:: Directions for this task ::
Your task is to copy each line of the records that includes the string "Defs".

:: Recorded data ::

(* Let $G$ be a $k$-uniform $s$-cycle with $1\le s\le k-1$ and $k=q(k-s)\ge 3$ for a positive integer $q$. Then $G$ is regular and $\lambda(\mathcal{Q})=2q$. Assume further that $k$ is even. If either $q$ is odd, or $q=2^{t_0}(2l_0+1)$ for a positive integer $t_0$ and a nonnegative integer $l_0$ and the number $m$ of edges of $G$ is a multiple of $2^{t_0}$, then also $\lambda(\mathcal{L})=2q$.
   Context: A $k$-uniform $s$-cycle with $m$ edges has vertex set $\mathbb{Z}_n$, $n=m(k-s)$ (vertex $n+i$ identified with $i$), and edges $e_j=\{j(k-s)+1,\ldots,j(k-s)+k\}$, $j=0,\ldots,m-1$; it is assumed that $n\ge 2k-s$. A hypergraph is regular if all degrees $d_i$ (numbers of edges containing vertex $i$) are equal. For a real tensor $\mathcal{T}$ of order $k$ and dimension $n$, $\lambda\in\mathbb{R}$ is an H-eigenvalue if there is nonzero $\mathbf{x}\in\mathbb{R}^n$ with $(\mathcal{T}\mathbf{x}^{k-1})_i=\lambda x_i^{k-1}$ for all $i$, where $(\mathcal{T}\mathbf{x}^{k-1})_i=\sum_{i_2,\ldots,i_k}t_{ii_2\ldots i_k}x_{i_2}\cdots x_{i_k}$; $\lambda(\mathcal{T})$ is the largest H-eigenvalue. The adjacency tensor $\mathcal{A}$ has entries $1/(k-1)!$ at $(i_1,\ldots,i_k)$ with $\{i_1,\ldots,i_k\}$ an edge and $0$ otherwise; $\mathcal{D}$ is diagonal with entries $d_i$; $\mathcal{L}=\mathcal{D}-\mathcal{A}$, $\mathcal{Q}=\mathcal{D}+\mathcal{A}$. *)

theory Defs
  imports Complex_Main
begin

text \<open>k-uniform s-cycle with m edges. Vertex set Z_n, n = m(k-s), represented
  by {0..<n}; vertex n+i is identified with i (so vertex n is 0).\<close>

definition cyc_n :: "nat \<Rightarrow> nat \<Rightarrow> nat \<Rightarrow> nat" where
  "cyc_n k s m = m * (k - s)"

definition cyc_edge :: "nat \<Rightarrow> nat \<Rightarrow> nat \<Rightarrow> nat \<Rightarrow> nat set" where
  "cyc_edge k s m j = (\<lambda>i. (j * (k - s) + i) mod cyc_n k s m) ` {1..k}"

definition cyc_edges :: "nat \<Rightarrow> nat \<Rightarrow> nat \<Rightarrow> nat set set" where
  "cyc_edges k s m = cyc_edge k s m ` {..<m}"

definition cyc_deg :: "nat \<Rightarrow> nat \<Rightarrow> nat \<Rightarrow> nat \<Rightarrow> nat" where
  "cyc_deg k s m i = card {e \<in> cyc_edges k s m. i \<in> e}"

definition cyc_regular :: "nat \<Rightarrow> nat \<Rightarrow> nat \<Rightarrow> bool" where
  "cyc_regular k s m =
     (\<forall>i < cyc_n k s m. \<forall>j < cyc_n k s m. cyc_deg k s m i = cyc_deg k s m j)"

text \<open>Tensors of order k and dimension n: functions from index lists (of length k,
  entries in {0..<n}) to reals.\<close>
type_synonym tensor = "nat list \<Rightarrow> real"

definition tensor_apply :: "nat \<Rightarrow> nat \<Rightarrow> tensor \<Rightarrow> (nat \<Rightarrow> real) \<Rightarrow> nat \<Rightarrow> real" where
  "tensor_apply k n T x i =
     (\<Sum>is \<in> {is. length is = k - 1 \<and> set is \<subseteq> {..<n}}. T (i # is) * prod_list (map x is))"

definition is_H_eigenvalue :: "nat \<Rightarrow> nat \<Rightarrow> tensor \<Rightarrow> real \<Rightarrow> bool" where
  "is_H_eigenvalue k n T lam =
     (\<exists>x :: nat \<Rightarrow> real. (\<exists>i < n. x i \<noteq> 0) \<and>
        (\<forall>i < n. tensor_apply k n T x i = lam * x i ^ (k - 1)))"

definition is_largest_H_eigenvalue :: "nat \<Rightarrow> nat \<Rightarrow> tensor \<Rightarrow> real \<Rightarrow> bool" where
  "is_largest_H_eigenvalue k n T lam =
     (is_H_eigenvalue k n T lam \<and> (\<forall>\<mu>. is_H_eigenvalue k n T \<mu> \<longrightarrow> \<mu> \<le> lam))"

definition cyc_adj :: "nat \<Rightarrow> nat \<Rightarrow> nat \<Rightarrow> tensor" where
  "cyc_adj k s m is = (if set is \<in> cyc_edges k s m then 1 / fact (k - 1) else 0)"

definition cyc_diag :: "nat \<Rightarrow> nat \<Rightarrow> nat \<Rightarrow> tensor" where
  "cyc_diag k s m is = (if \<exists>i. is = replicate k i then real (cyc_deg k s m (hd is)) else 0)"

definition cyc_lap :: "nat \<Rightarrow> nat \<Rightarrow> nat \<Rightarrow> tensor" where
  "cyc_lap k s m is = cyc_diag k s m is - cyc_adj k s m is"

definition cyc_slap :: "nat \<Rightarrow> nat \<Rightarrow> nat \<Rightarrow> tensor" where
  "cyc_slap k s m is = cyc_diag k s m is + cyc_adj k s m is"

end

theory Submission
  imports Defs "HOL-Combinatorics.Multiset_Permutations"
begin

:: Output ::
theory Defs
  imports Defs "HOL-Combinatorics.Multiset_Permutations"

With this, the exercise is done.